Friday, July 29, 2011

Women and cars need not apply



As close to the spotlight as I want to get.  When we say,
the grass is greener on the other pitch, what we mean is,
Grass acche (there is grass!).
 As avid blog readers may have gathered, I play a lot of “football” (no one calls it soccer outside America).  My guys there have become a family of sorts; I’m one of the older players, so they call me “apa” (sister) and I think of them as amar choto bhai (my little brothers).  They no longer go easy on me most of the time; the number of random bruises scattered across my body continues to increase (not that anyone but me sees them since I am pretty well covered most of the time).  I’m interpreting the increasing amount of jokes that they make at my expense as a sign that they are accepting me.  Also unfortunate for them is that “Mey” (girl) sounds a lot like “May,” which is what my old taekwondo/capoeira teacher used to call me, so it’s pretty easy to tell when they are talking about me (not that I always get the gist, but I was pretty happy when after a nice play the captain of the other team started yelling at the defense, “mey mone nai!” i.e. forget she’s a girl!
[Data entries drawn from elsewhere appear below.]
lemma i_gap_less:
  assumes "1 \<le> l" "l < l'" "l' \<le> s"
  shows "i l + int \<delta> \<le> i l'"
proof -
  have "1 \<le> int (l' - l)"
    using assms by simp
  hence "int \<delta> \<le> int (l' - l) * int \<delta>"
    using mult_right_mono[of 1 "int (l' - l)" "int \<delta>"] by simp
  thus ?thesis
    using i_increasing[of l l'] assms by simp
qed

lemma i_bounds:
  assumes "1 \<le> l" "l \<le> s"
  shows "int m - 1 + int \<delta> \<le> i l" "i l \<le> int n - int \<delta>"
proof -
  have "i l - i 1 \<ge> int (l - 1) * int \<delta>" "i s - i l \<ge> int (s - l) * int \<delta>"
    using i_increasing[of 1 l] i_increasing[of l s] assms by simp_all
  moreover have "int (l - 1) * int \<delta> \<ge> 0" "int (s - l) * int \<delta> \<ge> 0"
    by simp_all
  ultimately show "int m - 1 + int \<delta> \<le> i l" "i l \<le> int n - int \<delta>"
    using i_first i_last by linarith+
qed

lemma n_ge: "int m - 1 + 2 * int \<delta> \<le> int n"
  using i_bounds[of s] pos by simp

lemma J_bounds: "j \<in> J \<Longrightarrow> -h \<le> j \<and> j \<le> int n - h - 2"
proof -
  assume "j \<in> J"
  then consider "j \<in> {-h .. int m - 1 + h}" | l where "l \<in> {1..s}" "j \<in> {i l - h .. i l + h}"
    unfolding J_def by blast
  thus ?thesis
  proof cases
    case 1
    thus ?thesis
      using n_ge delta_eq_h by auto
  next
    case 2
    thus ?thesis
      using i_bounds[of l] delta_eq_h by auto
  qed
qed

lemma E_eq_iff: "E x = E y \<longleftrightarrow> int n dvd x - y"
proof -
  have "E x = E y \<longleftrightarrow> int n dvd int b * (x - y)"
    by (simp add: E_def rpow_eq_iff algebra_simps)
  also have "\<dots> \<longleftrightarrow> int n dvd x - y"
    using coprime_b_n by (simp add: coprime_commute coprime_dvd_mult_right_iff)
  finally show ?thesis .
qed

lemma inj_on_E: "inj_on E J"
proof (rule inj_onI)
  fix x y assume "x \<in> J" "y \<in> J" "E x = E y"
  thus "x = y"
    using J_bounds[of x] J_bounds[of y] dvd_diff_small_eq[of x y] by (auto simp: E_eq_iff)
qed

lemma E_mult_B: "E x * \<zeta> (y * int b) = E (x + y)"
  unfolding E_def rpow_add by (simp add: algebra_simps)

lemma A_eq: "A = E ` (int ` {..m-1} \<union> i ` {1..s})"
  unfolding A_def E_def by auto

lemma B_eq: "B = (\<lambda>j. \<zeta> (j * int b)) ` {-h..h}"
  unfolding B_def h_def by auto

lemma J_decompose:
  assumes "j \<in> J"
  obtains j1 where "E j1 \<in> A" "-h \<le> j - j1" "j - j1 \<le> h"
proof (cases "j \<le> int m - 1 + h")
  case True
  define j1 where "j1 = max 0 (min (int m - 1) j)"
  have "E j1 \<in> A"
    unfolding A_eq j1_def using pos by (intro imageI UnI1) (auto intro!: image_eqI[of _ _ "nat _"])
  moreover have "-h \<le> j - j1" "j - j1 \<le> h"
    using True J_bounds[OF assms] delta_eq_h by (auto simp: j1_def)
  ultimately show ?thesis
    using that by blast
next
  case False
  then obtain l where "l \<in> {1..s}" "j \<in> {i l - h .. i l + h}"
    using assms by (auto simp: J_def)
  moreover have "E (i l) \<in> A"
    unfolding A_eq using \<open>l \<in> {1..s}\<close> by auto
  ultimately show ?thesis
    using that by auto
qed

lemma AB_eq: "setmult A B = E ` J"
proof (intro Set.set_eqI iffI)
  fix x assume "x \<in> setmult A B"
  then obtain a j2 where x: "x = a * \<zeta> (j2 * int b)" "a \<in> A" "-h \<le> j2" "j2 \<le> h"
    by (auto simp: setmult_def B_eq)
  from x(2) consider j where "j \<le> m - 1" "a = E (int j)" | l where "l \<in> {1..s}" "a = E (i l)"
    by (auto simp: A_eq)
  thus "x \<in> E ` J"
  proof cases
    case 1
    hence "int j + j2 \<in> J"
      using x pos by (auto simp: J_def)
    thus ?thesis
      using x 1 by (metis E_mult_B image_eqI)
  next
    case 2
    hence "i l + j2 \<in> {i l - h .. i l + h}"
      using x by auto
    hence "i l + j2 \<in> J"
      unfolding J_def using 2 by blast
    thus ?thesis
      using x 2 by (metis E_mult_B image_eqI)
  qed
next
  fix x assume "x \<in> E ` J"
  then obtain j where j: "j \<in> J" "x = E j"
    by auto
  obtain j1 where "E j1 \<in> A" "-h \<le> j - j1" "j - j1 \<le> h"
    using J_decompose[OF j(1)] by blast
  moreover have "\<zeta> ((j - j1) * int b) \<in> B"
    unfolding B_eq using calculation by auto
  moreover have "x = E j1 * \<zeta> ((j - j1) * int b)"
    using j E_mult_B by simp
  ultimately show "x \<in> setmult A B"
    by (auto simp: setmult_def)
qed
I think it was followed by, “hit her hard.”  Evidently is used to be, “She’s not even pretty, so you shouldn’t feel bad about hitting her hard.”  There are downsides to learning more of the language).

Sunday, July 24, 2011

Bottoms up

I realized this morning that I have acquired a new life skill: I am now a wicked good birdie sipper.  Here people often drink things straight from bottoms, but rarely touch the bottle with their mouth.  I used to think that this was just when you were sharing a bottle (which makes it more hygienic in the absence of glasses), but it's pretty much the norm when you're drinking from a bottle.  I figure they know something I don't (like where the bottle has been), so I've started birdie sipping all the time too.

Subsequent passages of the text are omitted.